Canadian distributor Wajax Ltd. posted CDN $356.9 million in second quarter revenue, compared to $409.4 million in the second quarter of 2019, a 12.9-percent decrease. Equipment rental was $8 million compared to $9.2 million a year ago, a 13-percent dip.

EBIT decreased $1.0 million, or 4.9 percent,, to $20.0 million in the second quarter of 2020 versus $21.0 million in the same period of 2019. The year-over-year decrease in EBIT is primarily attributable to lower revenue and a higher proportion of lower margin equipment sales compared to higher margin parts and service sales, partially offset by reduced selling and administrative costs and the Canadian Emergency Wage Subsidy recovery.

"Current business conditions, driven primarily by COVID-19 concerns and secondarily by weak resource markets in western Canada, continued to have a negative effect on Wajax's results during the second quarter of 2020,” said Wajax president and CEO Mark Foote. “The volume declines in the first two months of the quarter improved in June as customer activity began to increase, and revenue was positively affected by the early delivery to customers of two large mining shovels which we had previously expected to deliver in the third quarter of 2020. While volumes have recently shown an improving trend, we continue to expect revenue to be lower year-over-year in the third quarter.

"In response to difficult market conditions and consistent with our plan to reduce inventory, Wajax accelerated actions to dispose of aged and used equipment inventory in the second quarter which, combined with a higher mix of lower margin equipment sales, had a negative effect on gross profit rate.

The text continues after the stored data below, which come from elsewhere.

(* Let $G=(V,E)$ be a simple undirected graph with $V=[n]$ and let $k\ge 1$ be an integer. The problem $$\max_{Z\in\mathbb S^n,\;X\in\mathbb R^{n\times k}} \langle I,Z\rangle \ \text{ s.t. } Z_{ij}=0\ (\{i,j\}\in E),\ Z_{ii}\le 1\ (i\in[n]),\ Z_{ii}=\sum_{r\in[k]}X_{ir}\ (i\in[n]),\ Z\ge0,\ X\ge 0,\ \begin{bmatrix}I_k&X^{\top}\\ X&Z\end{bmatrix}\succeq0$$ is equivalent to (has the same optimal value as) the problem $$\theta^3_k(G)=\max_{Z\in\mathbb S^n}\langle I,Z\rangle \ \text{ s.t. } Z_{ij}=0\ (\{i,j\}\in E),\ Z_{ii}\le 1\ (i\in[n]),\ Z\ge 0,\ \begin{bmatrix}k&\mathrm{diag}(Z)^{\top}\\ \mathrm{diag}(Z)&Z\end{bmatrix}\succeq 0,$$ and the latter problem is strictly feasible.
   Context: $\mathbb S^n$ is the space of real symmetric $n\times n$ matrices; $\langle A,B\rangle=\mathrm{trace}(AB)$; $\mathrm{diag}(Z)$ is the vector of diagonal entries of $Z$; $\ge 0$ denotes entrywise nonnegativity and $\succeq0$ positive semidefiniteness. Strict feasibility means there is a feasible $Z$ for which the matrix in the semidefinite constraint is positive definite. *)

theory Defs
  imports "HOL-Analysis.Analysis"
begin

definition psd :: "real^'m^'m \<Rightarrow> bool" where
  "psd M \<longleftrightarrow> transpose M = M \<and> (\<forall>x. 0 \<le> x \<bullet> (M *v x))"

definition pd :: "real^'m^'m \<Rightarrow> bool" where
  "pd M \<longleftrightarrow> transpose M = M \<and> (\<forall>x. x \<noteq> 0 \<longrightarrow> 0 < x \<bullet> (M *v x))"

definition blockIX :: "real^'k^'n \<Rightarrow> real^'n^'n \<Rightarrow> real^('k + 'n)^('k + 'n)" where
  "blockIX X Z = (\<chi> p q. case (p, q) of
      (Inl a, Inl b) \<Rightarrow> (if a = b then 1 else 0)
    | (Inl a, Inr j) \<Rightarrow> X $ j $ a
    | (Inr i, Inl b) \<Rightarrow> X $ i $ b
    | (Inr i, Inr j) \<Rightarrow> Z $ i $ j)"

definition blockKD :: "real \<Rightarrow> real^'n^'n \<Rightarrow> real^(unit + 'n)^(unit + 'n)" where
  "blockKD k Z = (\<chi> p q. case (p, q) of
      (Inl _, Inl _) \<Rightarrow> k
    | (Inl _, Inr j) \<Rightarrow> Z $ j $ j
    | (Inr i, Inl _) \<Rightarrow> Z $ i $ i
    | (Inr i, Inr j) \<Rightarrow> Z $ i $ j)"

text \<open>Feasible set of the lifted problem (with the n x k matrix X); k = CARD('k).\<close>
definition feasX :: "('n::finite \<Rightarrow> 'n \<Rightarrow> bool) \<Rightarrow> ((real^'n^'n) \<times> (real^'k::finite^'n)) set" where
  "feasX E = {(Z, X). transpose Z = (Z::real^'n^'n)
      \<and> (\<forall>i j. E i j \<longrightarrow> Z $ i $ j = 0)
      \<and> (\<forall>i. Z $ i $ i \<le> 1)
      \<and> (\<forall>i. Z $ i $ i = (\<Sum>r\<in>UNIV. (X::real^'k^'n) $ i $ r))
      \<and> (\<forall>i j. 0 \<le> Z $ i $ j)
      \<and> (\<forall>i r. 0 \<le> X $ i $ r)
      \<and> psd (blockIX X Z)}"

definition feas3 :: "('n::finite \<Rightarrow> 'n \<Rightarrow> bool) \<Rightarrow> real \<Rightarrow> (real^'n^'n) set" where
  "feas3 E k = {Z. transpose Z = Z
      \<and> (\<forall>i j. E i j \<longrightarrow> Z $ i $ j = 0)
      \<and> (\<forall>i. Z $ i $ i \<le> 1)
      \<and> (\<forall>i j. 0 \<le> Z $ i $ j)
      \<and> psd (blockKD k Z)}"

definition optX :: "('n::finite \<Rightarrow> 'n \<Rightarrow> bool) \<Rightarrow> 'k::finite itself \<Rightarrow> real" where
  "optX E (_::'k itself) = Sup ((\<lambda>(Z, X::real^'k^'n). trace Z) ` feasX E)"

definition theta3 :: "('n::finite \<Rightarrow> 'n \<Rightarrow> bool) \<Rightarrow> real \<Rightarrow> real" where
  "theta3 E k = Sup (trace ` feas3 E k)"

end

theory Submission
  imports Defs
begin

text \<open>
  Testing the block matrix [I, X^T; X, Z] against a vector (y, z) gives
  y^T y + 2 z^T X y + z^T Z z, and testing [k, diag(Z)^T; diag(Z), Z] against (t, z) gives
  k t^2 + 2 t diag(Z)^T z + z^T Z z. When the rows of X sum to diag(Z), the choice y = t 1
  turns the first form into the second, so Z is feasible for theta^3_k whenever (Z, X) is
  feasible for the lifted problem. Conversely, for X = diag(Z) 1^T / k one has
  X y = (1^T y / k) diag(Z), and Cauchy-Schwarz, y^T y >= (1^T y)^2 / k, bounds the first form
  from below by the second at t = 1^T y / k. For strict feasibility take Z = e I with e = k / (k + n): the second
  form becomes e sum_i (z_i + t)^2 + k^2 / (k + n) t^2.
\<close>

definition vec_join :: "'a^'m \<Rightarrow> 'a^'n \<Rightarrow> 'a^('m + 'n)" where
  "vec_join y z = (\<chi> p. case p of Inl a \<Rightarrow> y $ a | Inr i \<Rightarrow> z $ i)"

definition diag_vec :: "'a^'n^'n \<Rightarrow> 'a^'n" where
  "diag_vec Z = (\<chi> i. Z $ i $ i)"

lemma vec_join_nth [simp]:
  "vec_join y z $ Inl a = y $ a" "vec_join y z $ Inr i = z $ i"
  by (simp_all add: vec_join_def)

lemma vec_join_cases:
  obtains y z where "x = vec_join y z"
proof
  show "x = vec_join (\<chi> a. x $ Inl a) (\<chi> i. x $ Inr i)"
    by (simp add: vec_eq_iff vec_join_def split: sum.split)
qed

lemma vec_join_eq_0_iff [simp]: "vec_join y z = 0 \<longleftrightarrow> y = 0 \<and> z = 0"
  by (auto simp: vec_eq_iff vec_join_def split: sum.split)

lemma sum_UNIV_Plus:
  "sum f (UNIV :: ('a::finite + 'b::finite) set) = (\<Sum>a\<in>UNIV. f (Inl a)) + (\<Sum>b\<in>UNIV. f (Inr b))"
  by (simp flip: UNIV_Plus_UNIV add: sum.Plus o_def)

lemma quadratic_form_blockIX:
  fixes X :: "real^'k::finite^'n::finite"
  shows "vec_join y z \<bullet> (blockIX X Z *v vec_join y z)
    = y \<bullet> y + 2 * (z \<bullet> (X *v y)) + z \<bullet> (Z *v z)"
  unfolding inner_vec_def matrix_vector_mult_def blockIX_def
  by (simp add: sum_UNIV_Plus sum_distrib_left sum_distrib_right algebra_simps
      sum.distrib if_distrib cong: if_cong)
    (subst sum.swap, simp add: algebra_simps sum_distrib_left)

lemma quadratic_form_blockKD:
  fixes Z :: "real^'n::finite^'n"
  shows "vec_join (\<chi> _. t) z \<bullet> (blockKD k Z *v vec_join (\<chi> _. t) z)
    = k * t\<^sup>2 + 2 * t * (diag_vec Z \<bullet> z) + z \<bullet> (Z *v z)"
  unfolding inner_vec_def matrix_vector_mult_def blockKD_def diag_vec_def
  by (simp add: sum_UNIV_Plus sum_distrib_left sum_distrib_right algebra_simps
      power2_eq_square sum.distrib UNIV_unit)

lemma all_vec_join: "(\<forall>x. P x) \<longleftrightarrow> (\<forall>y z. P (vec_join y z))"
  by (metis vec_join_cases)

lemma all_vec_unit: "(\<forall>y :: 'a^unit. P y) \<longleftrightarrow> (\<forall>t. P (\<chi> _. t))"
  by (metis (full_types) old.unit.exhaust vec_eq_iff vec_lambda_beta)

lemma transpose_blockIX: "transpose Z = Z \<Longrightarrow> transpose (blockIX X Z) = blockIX X Z"
  unfolding transpose_def blockIX_def vec_eq_iff by (auto split: sum.splits)

lemma transpose_blockKD: "transpose Z = Z \<Longrightarrow> transpose (blockKD k Z) = blockKD k Z"
  unfolding transpose_def blockKD_def vec_eq_iff by (auto split: sum.splits)

lemma pd_imp_psd: "pd M \<Longrightarrow> psd M"
  unfolding pd_def psd_def by (metis inner_zero_left order.order_iff_strict)

lemma psd_blockIX_iff:
  fixes X :: "real^'k::finite^'n::finite"
  assumes "transpose Z = Z"
  shows "psd (blockIX X Z) \<longleftrightarrow> (\<forall>y z. 0 \<le> y \<bullet> y + 2 * (z \<bullet> (X *v y)) + z \<bullet> (Z *v z))"
  unfolding psd_def all_vec_join[where P = "\<lambda>x. 0 \<le> x \<bullet> (blockIX X Z *v x)"]
  by (simp add: transpose_blockIX assms quadratic_form_blockIX)

lemma psd_blockKD_iff:
  fixes Z :: "real^'n::finite^'n"
  assumes "transpose Z = Z"
  shows "psd (blockKD k Z) \<longleftrightarrow> (\<forall>t z. 0 \<le> k * t\<^sup>2 + 2 * t * (diag_vec Z \<bullet> z) + z \<bullet> (Z *v z))"
  unfolding psd_def all_vec_join[where P = "\<lambda>x. 0 \<le> x \<bullet> (blockKD k Z *v x)"] all_vec_unit
  by (simp add: transpose_blockKD assms quadratic_form_blockKD)

lemma pd_blockKD_iff:
  fixes Z :: "real^'n::finite^'n"
  assumes "transpose Z = Z"
  shows "pd (blockKD k Z) \<longleftrightarrow>
    (\<forall>t z. t \<noteq> 0 \<or> z \<noteq> 0 \<longrightarrow> 0 < k * t\<^sup>2 + 2 * t * (diag_vec Z \<bullet> z) + z \<bullet> (Z *v z))"
proof -
  have "(\<chi> _. t) = (0 :: real^unit) \<longleftrightarrow> t = 0" for t
    by (simp add: vec_eq_iff)
  then show ?thesis
    unfolding pd_def all_vec_join[where P = "\<lambda>x. x \<noteq> 0 \<longrightarrow> 0 < x \<bullet> (blockKD k Z *v x)"]
      all_vec_unit
    by (simp add: transpose_blockKD assms quadratic_form_blockKD)
qed

lemma feasX_imp_feas3:
  fixes X :: "real^'k::finite^'n::finite"
  assumes "(Z, X) \<in> feasX E"
  shows "Z \<in> feas3 E (real CARD('k))"
proof -
  have sym: "transpose Z = Z" and psd_IX: "psd (blockIX X Z)"
    and row_sums: "\<And>i. (\<Sum>r\<in>UNIV. X $ i $ r) = Z $ i $ i"
    using assms unfolding feasX_def by auto
  have "0 \<le> real CARD('k) * t\<^sup>2 + 2 * t * (diag_vec Z \<bullet> z) + z \<bullet> (Z *v z)" for t z
  proof -
    have "X *v (\<chi> _. t) = t *\<^sub>R diag_vec Z"
      by (simp add: vec_eq_iff matrix_vector_mult_def diag_vec_def
          flip: sum_distrib_right row_sums)
    moreover have "(\<chi> _. t) \<bullet> (\<chi> _. t :: real^'k) = real CARD('k) * t\<^sup>2"
      by (simp add: inner_vec_def power2_eq_square)
    ultimately show ?thesis
      using psd_IX[unfolded psd_blockIX_iff[OF sym], rule_format, of "\<chi> _. t" z]
      by (simp add: inner_commute)
  qed
  then have "psd (blockKD (real CARD('k)) Z)"
    using psd_blockKD_iff[OF sym] by blast
  then show ?thesis
    using assms unfolding feasX_def feas3_def by auto
qed

lemma feas3_imp_feasX:
  assumes "Z \<in> feas3 E (real CARD('k::finite))"
  shows "(Z, \<chi> i r. Z $ i $ i / real CARD('k) :: real^'k^'n::finite) \<in> feasX E"
proof -
  define K where "K = real CARD('k)"
  define X :: "real^'k^'n" where "X = (\<chi> i r. Z $ i $ i / K)"
  have K: "K > 0" unfolding K_def by simp
  have sym: "transpose Z = Z" and psd_KD: "psd (blockKD K Z)" and nonneg: "\<And>i j. 0 \<le> Z $ i $ j"
    using assms unfolding feas3_def K_def by auto
  have "0 \<le> y \<bullet> y + 2 * (z \<bullet> (X *v y)) + z \<bullet> (Z *v z)" for y z
  proof -
    define s where "s = (\<Sum>r\<in>UNIV. y $ r)"
    have "s\<^sup>2 \<le> K * (y \<bullet> y)"
      using Cauchy_Schwarz_ineq[of "\<chi> _. 1" y] by (simp add: inner_vec_def s_def K_def)
    then have "K * (s / K)\<^sup>2 \<le> y \<bullet> y"
      using K by (simp add: power_divide field_simps power2_eq_square)
    moreover have "X *v y = (s / K) *\<^sub>R diag_vec Z"
      by (simp add: vec_eq_iff matrix_vector_mult_def diag_vec_def X_def s_def sum_distrib_right
          mult.commute flip: sum_divide_distrib)
    ultimately show ?thesis
      using psd_KD[unfolded psd_blockKD_iff[OF sym], rule_format, of "s / K" z]
      by (simp add: inner_commute)
  qed
  then have "psd (blockIX X Z)"
    using psd_blockIX_iff[OF sym] by blast
  moreover have "Z $ i $ i = (\<Sum>r\<in>UNIV. X $ i $ r)" for i
    using K by (simp add: X_def K_def)
  moreover have "0 \<le> X $ i $ r" for i r
    using K nonneg by (simp add: X_def)
  ultimately have "(Z, X) \<in> feasX E"
    using assms unfolding feasX_def feas3_def by auto
  then show ?thesis unfolding X_def K_def .
qed

lemma fst_image_feasX:
  "fst ` (feasX E :: ((real^'n::finite^'n) \<times> (real^'k::finite^'n)) set) = feas3 E (real CARD('k))"
proof (intro equalityI subsetI)
  fix Z assume "Z \<in> fst ` (feasX E :: ((real^'n^'n) \<times> (real^'k^'n)) set)"
  then obtain X :: "real^'k^'n" where "(Z, X) \<in> feasX E" by auto
  then show "Z \<in> feas3 E (real CARD('k))" by (rule feasX_imp_feas3)
next
  fix Z assume "Z \<in> feas3 E (real CARD('k))"
  then have "(Z, \<chi> i r. Z $ i $ i / real CARD('k) :: real^'k^'n) \<in> feasX E"
    by (rule feas3_imp_feasX)
  then show "Z \<in> fst ` (feasX E :: ((real^'n^'n) \<times> (real^'k^'n)) set)"
    by (rule image_eqI[rotated]) simp
qed

lemma feas3_strictly_feasible:
  fixes E :: "'n::finite \<Rightarrow> 'n \<Rightarrow> bool"
  assumes irrefl: "\<And>i. \<not> E i i" and K: "K > 0"
  shows "\<exists>Z \<in> feas3 E K. pd (blockKD K Z)"
proof -
  define n where "n = real CARD('n)"
  define e where "e = K / (K + n)"
  define c where "c = K\<^sup>2 / (K + n)"
  define Z :: "real^'n^'n" where "Z = e *\<^sub>R mat 1"
  have n: "n > 0" unfolding n_def by simp
  have e: "0 < e" "e \<le> 1" unfolding e_def using K n by auto
  have c: "0 < c" "e * n + c = K"
    using K n unfolding c_def e_def
    by (simp_all add: power2_eq_square add_divide_distrib[symmetric] add.commute flip: distrib_left)
  have Z_nth: "Z $ i $ j = (if i = j then e else 0)" for i j
    by (simp add: Z_def mat_def)
  have sym: "transpose Z = Z"
    by (simp add: vec_eq_iff transpose_def Z_nth)
  have form: "K * t\<^sup>2 + 2 * t * (diag_vec Z \<bullet> z) + z \<bullet> (Z *v z)
      = e * (\<Sum>i\<in>UNIV. (z $ i + t)\<^sup>2) + c * t\<^sup>2" for t z
  proof -
    have diag: "diag_vec Z \<bullet> z = e * (\<Sum>i\<in>UNIV. z $ i)"
      by (simp add: inner_vec_def diag_vec_def Z_nth sum_distrib_left)
    have quad: "z \<bullet> (Z *v z) = e * (\<Sum>i\<in>UNIV. (z $ i)\<^sup>2)"
      by (simp add: Z_def inner_vec_def power2_eq_square sum_distrib_left mult_ac
          flip: matrix_scaleR_vector_ac)
    have squares: "(\<Sum>i\<in>UNIV. (z $ i + t)\<^sup>2)
        = (\<Sum>i\<in>UNIV. (z $ i)\<^sup>2) + 2 * t * (\<Sum>i\<in>UNIV. z $ i) + n * t\<^sup>2"
      by (simp add: power2_sum sum.distrib sum_distrib_left n_def mult_ac)
    show ?thesis
      unfolding diag quad squares c(2)[symmetric] by (simp add: algebra_simps)
  qed
  have "0 < K * t\<^sup>2 + 2 * t * (diag_vec Z \<bullet> z) + z \<bullet> (Z *v z)" if "t \<noteq> 0 \<or> z \<noteq> 0" for t z
  proof (cases "t = 0")
    case True
    then have "0 < e * (z \<bullet> z)"
      using that e by simp
    moreover have "z \<bullet> z = (\<Sum>i\<in>UNIV. (z $ i + t)\<^sup>2)"
      using True by (simp add: inner_vec_def power2_eq_square)
    ultimately show ?thesis
      unfolding form using True by simp
  next
    case False
    have "0 \<le> e * (\<Sum>i\<in>UNIV. (z $ i + t)\<^sup>2)"
      using e by (simp add: sum_nonneg)
    moreover have "0 < c * t\<^sup>2"
      using False c by simp
    ultimately show ?thesis by (simp add: form)
  qed
  then have "pd (blockKD K Z)"
    using pd_blockKD_iff[OF sym] by blast
  moreover have "Z \<in> feas3 E K"
    using sym pd_imp_psd[OF calculation] irrefl e unfolding feas3_def by (auto simp: Z_nth)
  ultimately show ?thesis by blast
qed

theorem theorem5:
  fixes E :: "'n::finite \<Rightarrow> 'n \<Rightarrow> bool"
  assumes "\<And>i j. E i j \<Longrightarrow> E j i"
    and "\<And>i. \<not> E i i"
  shows "optX E TYPE('k::finite) = theta3 E (real CARD('k))
         \<and> (\<exists>Z \<in> feas3 E (real CARD('k)). pd (blockKD (real CARD('k)) Z))"
proof
  have "(\<lambda>(Z, X :: real^'k^'n). trace Z) ` feasX E
      = trace ` fst ` (feasX E :: ((real^'n^'n) \<times> (real^'k^'n)) set)"
    by (simp add: image_image case_prod_beta)
  then show "optX E TYPE('k) = theta3 E (real CARD('k))"
    unfolding optX_def theta3_def fst_image_feasX by simp
  show "\<exists>Z \<in> feas3 E (real CARD('k)). pd (blockKD (real CARD('k)) Z)"
    using assms(2) by (intro feas3_strictly_feasible) simp_all
qed

end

While we expect to continue to take actions to reduce inventory to conditions-appropriate levels, we do not expect the same degree of margin decline in subsequent quarters. Wajax expects to partially offset the effect of volume declines with cost reductions while managing customer service levels, working capital and capital spending accordingly. The corporation's current sources of liquidity are expected to be sufficient while preparing to return to growing the business as conditions improve."

For the first six months of the year, Wajax reported $701 million in revenue compared with $784 million for the first six months of 2019, a 10.6-percent decrease. Equipment rental revenue dropped from $18 million in the first six months of last year to $16.5 million this year, an 8.3-percent drop.

In response to difficult market conditions and consistent with the corporation's plans to reduce inventory, Wajax accelerated plans to dispose of aged and used equipment inventory in the second quarter which, combined with a higher mix of lower margin equipment sales, had a negative effect on gross profit rate. While Wajax expects to continue to take actions to reduce inventory to conditions-appropriate levels, it does not expect the same degree of margin decline in subsequent quarters.

Headquartered in Mississauga, Ontario, Canada, Wajax is No. 76 on the RER 100.